[Opening INFORMATION SHOWN section]
(* Let $n=2$ or $n=3$, let $f\in C^3(\mathbb{R}^n)$, $g\in C^2(\mathbb{R}^n)$, and suppose there exist $R>0$, $C_0>0$, $\kappa>0$ with $f(x)>0$ and $\frac{f(x)}{1+|x|}-|\nabla f(x)|+g(x)\ge\frac{C_0}{(1+|x|)^{1+\kappa}}$ for $|x|\ge R$. Let $u^0$ solve $u^0_{tt}-\Delta u^0=0$ in $\mathbb{R}^n\times[0,\infty)$, $u^0(x,0)=f(x)$, $u^0_t(x,0)=g(x)$. Then for all $(x,t)\in\Sigma_2:=\{(x,t)\in\mathbb{R}^n\times(0,\infty): |x|-t\ge\max\{R,t-1\}\}$: if $n=3$, $$u^0(x,t)\ge\frac{t}{4\pi}\int_{|\omega|=1}\Big\{\frac{f(x+t\omega)}{1+|x+t\omega|}-|\nabla f(x+t\omega)|+g(x+t\omega)\Big\}dS_\omega;$$ if $n=2$, $$u^0(x,t)\ge\frac{1}{2\pi}\int_0^t\frac{\rho\,d\rho}{\sqrt{t^2-\rho^2}}\int_{|\omega|=1}\Big\{\frac{f(x+\rho\omega)}{1+|x+\rho\omega|}-|\nabla f(x+\rho\omega)|+g(x+\rho\omega)\Big\}dS_\omega.$$
   Context: $dS_\omega$ denotes surface measure on the unit sphere (unit circle when $n=2$). *)

theory Defs
  imports "HOL-Analysis.Analysis"
begin

definition pdiff :: "'a::euclidean_space set \<Rightarrow> ('a \<Rightarrow> real) \<Rightarrow> 'a \<Rightarrow> 'a \<Rightarrow> real" where
  "pdiff S h v p = frechet_derivative h (at p within S) v"

fun cont_diff :: "nat \<Rightarrow> ('a::euclidean_space \<Rightarrow> real) \<Rightarrow> 'a set \<Rightarrow> bool" where
  "cont_diff 0 h S = continuous_on S h"
| "cont_diff (Suc k) h S =
     (continuous_on S h \<and> (\<forall>p\<in>S. h differentiable (at p within S)) \<and>
      (\<forall>i\<in>Basis. cont_diff k (pdiff S h i) S))"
[Closing INFORMATION SHOWN section]
WHAT YOU ARE ASKED TO DO => Find "(Suc k) h S" in the material above; set down exactly the line holding it and every line after it, through the last, and no others.

EXERCISE RESPONSE =>
| "cont_diff (Suc k) h S =
     (continuous_on S h \<and> (\<forall>p\<in>S. h differentiable (at p within S)) \<and>
      (\<forall>i\<in>Basis. cont_diff k (pdiff S h i) S))"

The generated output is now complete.